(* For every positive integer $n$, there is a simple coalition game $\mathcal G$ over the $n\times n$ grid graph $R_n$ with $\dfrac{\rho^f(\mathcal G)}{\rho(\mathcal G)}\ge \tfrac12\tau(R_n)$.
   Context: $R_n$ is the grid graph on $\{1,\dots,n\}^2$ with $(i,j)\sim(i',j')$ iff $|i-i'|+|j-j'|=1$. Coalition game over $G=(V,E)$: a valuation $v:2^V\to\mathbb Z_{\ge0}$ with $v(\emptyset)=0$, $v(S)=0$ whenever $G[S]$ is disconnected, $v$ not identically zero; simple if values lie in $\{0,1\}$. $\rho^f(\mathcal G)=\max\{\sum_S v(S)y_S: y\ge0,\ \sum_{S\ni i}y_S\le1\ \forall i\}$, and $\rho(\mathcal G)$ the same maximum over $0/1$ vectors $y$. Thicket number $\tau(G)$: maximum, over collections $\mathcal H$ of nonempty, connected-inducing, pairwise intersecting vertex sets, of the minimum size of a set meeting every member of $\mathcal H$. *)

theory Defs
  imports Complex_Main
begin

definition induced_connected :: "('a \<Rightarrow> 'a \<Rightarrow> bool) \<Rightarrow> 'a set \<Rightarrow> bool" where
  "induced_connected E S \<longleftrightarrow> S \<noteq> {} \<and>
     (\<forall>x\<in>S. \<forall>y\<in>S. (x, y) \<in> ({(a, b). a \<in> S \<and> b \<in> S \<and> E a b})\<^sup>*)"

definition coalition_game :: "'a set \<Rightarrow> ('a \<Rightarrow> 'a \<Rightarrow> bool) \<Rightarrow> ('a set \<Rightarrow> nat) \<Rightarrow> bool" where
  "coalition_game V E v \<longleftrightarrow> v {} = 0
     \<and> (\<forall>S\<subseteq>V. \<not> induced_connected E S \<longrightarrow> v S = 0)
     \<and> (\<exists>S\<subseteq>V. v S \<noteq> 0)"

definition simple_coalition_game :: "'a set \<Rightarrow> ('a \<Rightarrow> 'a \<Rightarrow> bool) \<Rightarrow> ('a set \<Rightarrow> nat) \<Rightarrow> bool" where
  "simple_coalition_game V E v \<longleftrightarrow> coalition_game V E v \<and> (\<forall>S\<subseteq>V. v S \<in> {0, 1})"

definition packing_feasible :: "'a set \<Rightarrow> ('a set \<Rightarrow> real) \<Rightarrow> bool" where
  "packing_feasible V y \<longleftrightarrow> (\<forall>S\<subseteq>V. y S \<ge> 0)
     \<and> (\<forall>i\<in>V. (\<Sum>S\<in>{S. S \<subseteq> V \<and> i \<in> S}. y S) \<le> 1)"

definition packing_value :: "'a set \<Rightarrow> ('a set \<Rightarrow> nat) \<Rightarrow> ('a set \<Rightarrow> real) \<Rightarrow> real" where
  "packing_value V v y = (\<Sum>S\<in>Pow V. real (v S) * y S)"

#### Instructions for the task:
When the word "noteq" appears in a line of the listing, copy that line.

#### Solution below:
  "induced_connected E S \<longleftrightarrow> S \<noteq> {} \<and>
     \<and> (\<exists>S\<subseteq>V. v S \<noteq> 0)"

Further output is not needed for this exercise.